Work to be completed ::
Starting with the line that contains "monoid-algebra product of" and stopping after the line that contains "then obtain a where", return each line below exactly as written, with no others.

Record set ::
(* Let $\theta\in k$, let $\mathcal D$ be a set, let $RB$ be the free Rota--Baxter algebra of weight $\theta$ on $\mathcal D$ with Rota--Baxter map $R$, and let $\iota:GL\to RB$ be the canonical embedding of the Grossman--Larson algebra (the linear map with $\iota(e)=\mathbf 1$, sending the one-vertex tree decorated by $d$ to $d$, sending grafting of trees to $\triangleleft_\theta$ and the Grossman--Larson product of nonempty forests to $\ast_\theta$). Then for all $b_1,\ldots,b_n\in\mathcal D$ (viewed as one-vertex trees), the image of their commutative (forest) product is $$ \iota(b_1\cdots b_n)=\sum_{\sigma\in S_n}R\Big(\cdots R\big(R(b_{\sigma(1)})b_{\sigma(2)}\big)\cdots\Big)b_{\sigma(n)}. $$
   Context: $k$ is a field of characteristic zero. A Rota--Baxter algebra of weight $\theta$ is a unital associative algebra $A$ with linear $R:A\to A$ satisfying $R(x)R(y)=R(R(x)y+xR(y))+\theta R(xy)$. On it, $a\triangleleft_\theta b:=aR(b)-R(b)a+\theta ab$ and $a\ast_\theta b:=R(a)b+aR(b)+\theta ab$. Grossman--Larson algebra $GL$: $\mathcal T$ is the span of $\mathcal D$-decorated rooted trees with grafting $t\curvearrowleft t'$ (sum over vertices $v$ of $t$ of the tree obtained by joining $v$ to the root of $t'$), the free right pre-Lie algebra on $\mathcal D$; $GL=S(\mathcal T)$ is the span of forests (commutative monomials in trees, unit the empty forest $e$). Forests act on trees by $t\curvearrowleft e=t$, $t\curvearrowleft(t_1\cdots t_n)=(t\curvearrowleft(t_1\cdots t_{n-1}))\curvearrowleft t_n-\sum_{i=1}^{n-1}t\curvearrowleft(t_1\cdots(t_i\curvearrowleft t_n)\cdots t_{n-1})$, and the Grossman--Larson product is $(t_1\cdots t_n)\ast(t'_1\cdots t'_m)=\sum_f F_0(t_1\curvearrowleft F_1)\cdots(t_n\curvearrowleft F_n)$ over maps $f:\{1..m\}\to\{0..n\}$, $F_i=\prod_{j\in f^{-1}(i)}t'_j$. The map $\iota$ is well defined and injective. *)

theory Defs
  imports Complex_Main "HOL-Library.Multiset" "HOL-Library.Poly_Mapping"
    "HOL-Combinatorics.Permutations"
begin

definition k_algebra :: "('k::field \<Rightarrow> 'a::ring_1 \<Rightarrow> 'a) \<Rightarrow> bool" where
  "k_algebra sc \<longleftrightarrow> vector_space sc \<and>
     (\<forall>c x y. sc c (x * y) = sc c x * y \<and> sc c (x * y) = x * sc c y)"

definition rota_baxter :: "('k::field \<Rightarrow> 'a::ring_1 \<Rightarrow> 'a) \<Rightarrow> 'k \<Rightarrow> ('a \<Rightarrow> 'a) \<Rightarrow> bool" where
  "rota_baxter sc \<theta> R \<longleftrightarrow> k_algebra sc \<and> Vector_Spaces.linear sc sc R \<and>
     (\<forall>x y. R x * R y = R (R x * y + x * R y) + sc \<theta> (R (x * y)))"

definition rb_tri :: "('k \<Rightarrow> 'a::ring_1 \<Rightarrow> 'a) \<Rightarrow> 'k \<Rightarrow> ('a \<Rightarrow> 'a) \<Rightarrow> 'a \<Rightarrow> 'a \<Rightarrow> 'a" where
  "rb_tri sc \<theta> R a b = a * R b - R b * a + sc \<theta> (a * b)"

definition rb_star :: "('k \<Rightarrow> 'a::ring_1 \<Rightarrow> 'a) \<Rightarrow> 'k \<Rightarrow> ('a \<Rightarrow> 'a) \<Rightarrow> 'a \<Rightarrow> 'a \<Rightarrow> 'a" where
  "rb_star sc \<theta> R a b = R a * b + a * R b + sc \<theta> (a * b)"

text \<open>Non-planar rooted trees decorated by 'd: a root decoration and a multiset of
  subtrees. Forests are multisets of trees (commutative monomials, e = empty forest).\<close>

datatype 'd rtree = Node 'd "'d rtree multiset"

type_synonym 'd forest = "'d rtree multiset"

definition leaf :: "'d \<Rightarrow> 'd rtree" where
  "leaf d = Node d {#}"

definition scale :: "'k::comm_ring_1 \<Rightarrow> ('b \<Rightarrow>\<^sub>0 'k) \<Rightarrow> ('b \<Rightarrow>\<^sub>0 'k)" where
  "scale c p = Poly_Mapping.map (\<lambda>x. c * x) p"

definition lin :: "('b \<Rightarrow> ('c \<Rightarrow>\<^sub>0 'k::comm_ring_1)) \<Rightarrow> ('b \<Rightarrow>\<^sub>0 'k) \<Rightarrow> ('c \<Rightarrow>\<^sub>0 'k)" where
  "lin f p = (\<Sum>x\<in>Poly_Mapping.keys p. scale (Poly_Mapping.lookup p x) (f x))"

definition lin_ext :: "('k::comm_ring_1 \<Rightarrow> 'a::ab_group_add \<Rightarrow> 'a) \<Rightarrow> ('b \<Rightarrow> 'a) \<Rightarrow> ('b \<Rightarrow>\<^sub>0 'k) \<Rightarrow> 'a" where
  "lin_ext sc j p = (\<Sum>x\<in>Poly_Mapping.keys p. sc (Poly_Mapping.lookup p x) (j x))"

text \<open>A linear combination of trees viewed in the symmetric algebra S(T) = GL
  (forests = multisets of trees, product = union of multisets, i.e. the
  monoid-algebra product of poly_mapping).\<close>

definition tree_to_gl :: "('d rtree \<Rightarrow>\<^sub>0 'k::comm_ring_1) \<Rightarrow> ('d forest \<Rightarrow>\<^sub>0 'k)" where
  "tree_to_gl = lin (\<lambda>s. Poly_Mapping.single {#s#} 1)"
lemma in_mci_ideal_if_keys_not_standard:
  fixes f :: "'k::comm_ring_1 mpoly"
  assumes f: "in_poly_ring n f" and not_standard: "\<forall>a\<in>Poly_Mapping.keys f. \<not> standard_monomial n d a"
  shows "in_mci_ideal n d f"
proof -
  define J where "J a = (SOME j. j < n \<and> d j \<le> Poly_Mapping.lookup a j)" for a
  have J: "J a < n \<and> d (J a) \<le> Poly_Mapping.lookup a (J a)" if "a \<in> Poly_Mapping.keys f" for a
    unfolding J_def
    by (rule someI_ex) (use not_standard that in \<open>force simp: standard_monomial_def\<close>)
  define K where "K j = {a\<in>Poly_Mapping.keys f. J a = j}" for j
  define g where "g j = (\<Sum>a\<in>K j. Poly_Mapping.single (a - Poly_Mapping.single j (d j))
      (Poly_Mapping.lookup f a))" for j
  have "in_poly_ring n (g j)" for j
    unfolding in_poly_ring_def
  proof
    fix b assume "b \<in> Poly_Mapping.keys (g j)"
    then obtain a where a: "a \<in> Poly_Mapping.keys f" "b = a - Poly_Mapping.single j (d j)"
      using keys_sum[of "\<lambda>a. Poly_Mapping.single (a - Poly_Mapping.single j (d j)) (Poly_Mapping.lookup f a)" "K j"]
      unfolding g_def K_def by (auto split: if_splits)
    then have "Poly_Mapping.keys b \<subseteq> Poly_Mapping.keys a"
      by (auto simp: in_keys_iff lookup_minus)
    then show "Poly_Mapping.keys b \<subseteq> {..<n}" using f a(1) unfolding in_poly_ring_def by blast
  qed
  moreover have "f = (\<Sum>j<n. g j * var j ^ d j)"
  proof -
    have g_times_power: "g j * var j ^ d j = (\<Sum>a\<in>K j. Poly_Mapping.single a (Poly_Mapping.lookup f a))" for j
      unfolding g_def sum_distrib_right K_def
      by (intro sum.cong refl single_diff_mult_var_power) (use J in blast)
    have "(\<Sum>j<n. g j * var j ^ d j) = (\<Sum>j<n. \<Sum>a\<in>K j. Poly_Mapping.single a (Poly_Mapping.lookup f a))"
      by (simp only: g_times_power)
    also have "\<dots> = (\<Sum>a\<in>Poly_Mapping.keys f. Poly_Mapping.single a (Poly_Mapping.lookup f a))"
      unfolding K_def by (rule sum.group) (auto simp: J)
    finally show ?thesis using poly_mapping_sum_single_lookup[of f] by simp
  qed
  ultimately show ?thesis unfolding in_mci_ideal_def by (intro exI[of _ g]) simp
qed

lemma in_mci_ideal_iff_keys_not_standard:
  fixes f :: "'k::comm_ring_1 mpoly"
  assumes "in_poly_ring n f"
  shows "in_mci_ideal n d f \<longleftrightarrow> (\<forall>a\<in>Poly_Mapping.keys f. \<not> standard_monomial n d a)"
  using assms keys_mci_ideal_not_standard in_mci_ideal_if_keys_not_standard by blast

definition max_standard_key :: "nat \<Rightarrow> (nat \<Rightarrow> nat) \<Rightarrow> nat \<Rightarrow> 'k::zero mpoly \<Rightarrow> (nat \<Rightarrow>\<^sub>0 nat) \<Rightarrow> bool" where
  "max_standard_key n d p g a \<longleftrightarrow> a \<in> Poly_Mapping.keys g \<and> standard_monomial n d a \<and>
     (\<forall>b\<in>Poly_Mapping.keys g. standard_monomial n d b \<longrightarrow> Poly_Mapping.lookup b p \<le> Poly_Mapping.lookup a p)"

lemma ex_max_standard_key:
  assumes "a \<in> Poly_Mapping.keys g" "standard_monomial n d a"
  obtains a' where "max_standard_key n d p g a'"
proof -
  define S where "S = {a\<in>Poly_Mapping.keys g. standard_monomial n d a}"
  have "finite S" "a \<in> S" using assms unfolding S_def by auto
  then obtain a' where "a' \<in> S" "\<forall>b\<in>S. Poly_Mapping.lookup b p \<le> Poly_Mapping.lookup a' p"
    using Max_in[of "(\<lambda>b. Poly_Mapping.lookup b p) ` S"] Max_ge[of "(\<lambda>b. Poly_Mapping.lookup b p) ` S"]
    by fastforce
  then show thesis using that unfolding max_standard_key_def S_def by blast
qed

lemma lookup_mult_sum_var_max_standard_key:
  fixes g :: "'k::comm_ring_1 mpoly"
  assumes p: "p < n" and a: "max_standard_key n d p g a"
    and c: "standard_monomial n d (a + Poly_Mapping.single p 1)"
  shows "Poly_Mapping.lookup (g * (\<Sum>j<n. var j)) (a + Poly_Mapping.single p 1) = Poly_Mapping.lookup g a"
proof -
  let ?c = "a + Poly_Mapping.single p 1"
  have no_other_source: "Poly_Mapping.lookup (g * var j) ?c = 0" if "j \<noteq> p" for j
  proof (rule ccontr)
    assume "Poly_Mapping.lookup (g * var j) ?c \<noteq> 0"
    then obtain b where b: "b \<in> Poly_Mapping.keys g" "?c = b + Poly_Mapping.single j 1"
      using keys_mult_var by (metis in_keys_iff)
    then have "Poly_Mapping.lookup b p \<le> Poly_Mapping.lookup a p"
      using a c standard_monomial_add_singleD unfolding max_standard_key_def by metis
    moreover have "Poly_Mapping.lookup ?c p = Poly_Mapping.lookup b p"
      using b(2) that by (simp add: lookup_add lookup_single when_def)
    ultimately show False by (simp add: lookup_add)
  qed
  have "Poly_Mapping.lookup (g * (\<Sum>j<n. var j)) ?c = (\<Sum>j<n. Poly_Mapping.lookup (g * var j) ?c)"
    by (simp add: sum_distrib_left lookup_sum)
  also have "\<dots> = Poly_Mapping.lookup (g * var p) ?c"
    using p no_other_source by (subst sum.remove[of _ p]) (auto intro: sum.neutral)
  also have "\<dots> = Poly_Mapping.lookup g a"
    unfolding var_def by (rule lookup_mult_single_one_add)
  finally show ?thesis .
qed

Your response ::
  monoid-algebra product of poly_mapping).\<close>

definition tree_to_gl :: "('d rtree \<Rightarrow>\<^sub>0 'k::comm_ring_1) \<Rightarrow> ('d forest \<Rightarrow>\<^sub>0 'k)" where
  "tree_to_gl = lin (\<lambda>s. Poly_Mapping.single {#s#} 1)"
lemma in_mci_ideal_if_keys_not_standard:
  fixes f :: "'k::comm_ring_1 mpoly"
  assumes f: "in_poly_ring n f" and not_standard: "\<forall>a\<in>Poly_Mapping.keys f. \<not> standard_monomial n d a"
  shows "in_mci_ideal n d f"
proof -
  define J where "J a = (SOME j. j < n \<and> d j \<le> Poly_Mapping.lookup a j)" for a
  have J: "J a < n \<and> d (J a) \<le> Poly_Mapping.lookup a (J a)" if "a \<in> Poly_Mapping.keys f" for a
    unfolding J_def
    by (rule someI_ex) (use not_standard that in \<open>force simp: standard_monomial_def\<close>)
  define K where "K j = {a\<in>Poly_Mapping.keys f. J a = j}" for j
  define g where "g j = (\<Sum>a\<in>K j. Poly_Mapping.single (a - Poly_Mapping.single j (d j))
      (Poly_Mapping.lookup f a))" for j
  have "in_poly_ring n (g j)" for j
    unfolding in_poly_ring_def
  proof
    fix b assume "b \<in> Poly_Mapping.keys (g j)"
    then obtain a where a: "a \<in> Poly_Mapping.keys f" "b = a - Poly_Mapping.single j (d j)"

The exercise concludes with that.